### ABOUT THIS TASK
Your task is to quote the records from their first line through the line containing "(auto simp: S_def)", with nothing added or left out.

*** DATASET CONTENT Section Begins ***

lemma subseq_nths_nths:
  "{i \<in> A. i < length xs} \<subseteq> B \<Longrightarrow> subseq (nths xs A) (nths xs B)"
proof (induction xs arbitrary: A B)
  case Nil
  show ?case by simp
next
  case (Cons a xs)
  have "subseq (nths xs {j. Suc j \<in> A}) (nths xs {j. Suc j \<in> B})"
    using Cons.prems by (intro Cons.IH) auto
  moreover have "0 \<in> A \<Longrightarrow> 0 \<in> B" using Cons.prems by auto
  ultimately show ?case by (auto simp: nths_Cons)
qed

lemma ins_del_positions:
  assumes "ins_del i j v c"
  obtains S where "S \<subseteq> {..<length v}" "subseq (nths v S) c" "length v \<le> card S + j"
proof -
  from ins_del_common_subseq[OF assms] obtain w
    where w: "subseq w v" "subseq w c" "length v \<le> length w + j" by blast
  from w(1) obtain N where N: "w = nths v N" by (auto simp: subseq_conv_nths)
  \<comment> \<open>\<open>nths\<close> ignores indices beyond the length, so \<open>N\<close> is cut down to genuine positions of \<open>v\<close>.\<close>
  define S where "S = {k. k < length v \<and> k \<in> N}"
  have "card S = length w" unfolding S_def N by (simp add: length_nths)
  moreover have "subseq (nths v S) w" unfolding N by (rule subseq_nths_nths) (auto simp: S_def)
  ultimately show thesis using w by (intro that[of S]) (auto simp: S_def intro: subseq_order.trans)
qed

lemma min_lev_dist_le:
  assumes "finite C" "c \<in> C" "c' \<in> C" "c \<noteq> c'"
  shows "min_lev_dist C \<le> lev_dist c c'"
  unfolding min_lev_dist_def
proof (rule Min_le)
  have "{lev_dist c1 c2 | c1 c2. c1 \<in> C \<and> c2 \<in> C \<and> c1 \<noteq> c2}
          \<subseteq> (\<lambda>(c1, c2). lev_dist c1 c2) ` (C \<times> C)"
    by auto
  then show "finite {lev_dist c1 c2 | c1 c2. c1 \<in> C \<and> c2 \<in> C \<and> c1 \<noteq> c2}"
    using assms(1) by (meson finite_SigmaI finite_imageI finite_subset)
qed (use assms in blast)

*** DATASET CONTENT Section Ends ***

### FINAL ANSWER
lemma subseq_nths_nths:
  "{i \<in> A. i < length xs} \<subseteq> B \<Longrightarrow> subseq (nths xs A) (nths xs B)"
proof (induction xs arbitrary: A B)
  case Nil
  show ?case by simp
next
  case (Cons a xs)
  have "subseq (nths xs {j. Suc j \<in> A}) (nths xs {j. Suc j \<in> B})"
    using Cons.prems by (intro Cons.IH) auto
  moreover have "0 \<in> A \<Longrightarrow> 0 \<in> B" using Cons.prems by auto
  ultimately show ?case by (auto simp: nths_Cons)
qed

lemma ins_del_positions:
  assumes "ins_del i j v c"
  obtains S where "S \<subseteq> {..<length v}" "subseq (nths v S) c" "length v \<le> card S + j"
proof -
  from ins_del_common_subseq[OF assms] obtain w
    where w: "subseq w v" "subseq w c" "length v \<le> length w + j" by blast
  from w(1) obtain N where N: "w = nths v N" by (auto simp: subseq_conv_nths)
  \<comment> \<open>\<open>nths\<close> ignores indices beyond the length, so \<open>N\<close> is cut down to genuine positions of \<open>v\<close>.\<close>
  define S where "S = {k. k < length v \<and> k \<in> N}"
  have "card S = length w" unfolding S_def N by (simp add: length_nths)
  moreover have "subseq (nths v S) w" unfolding N by (rule subseq_nths_nths) (auto simp: S_def)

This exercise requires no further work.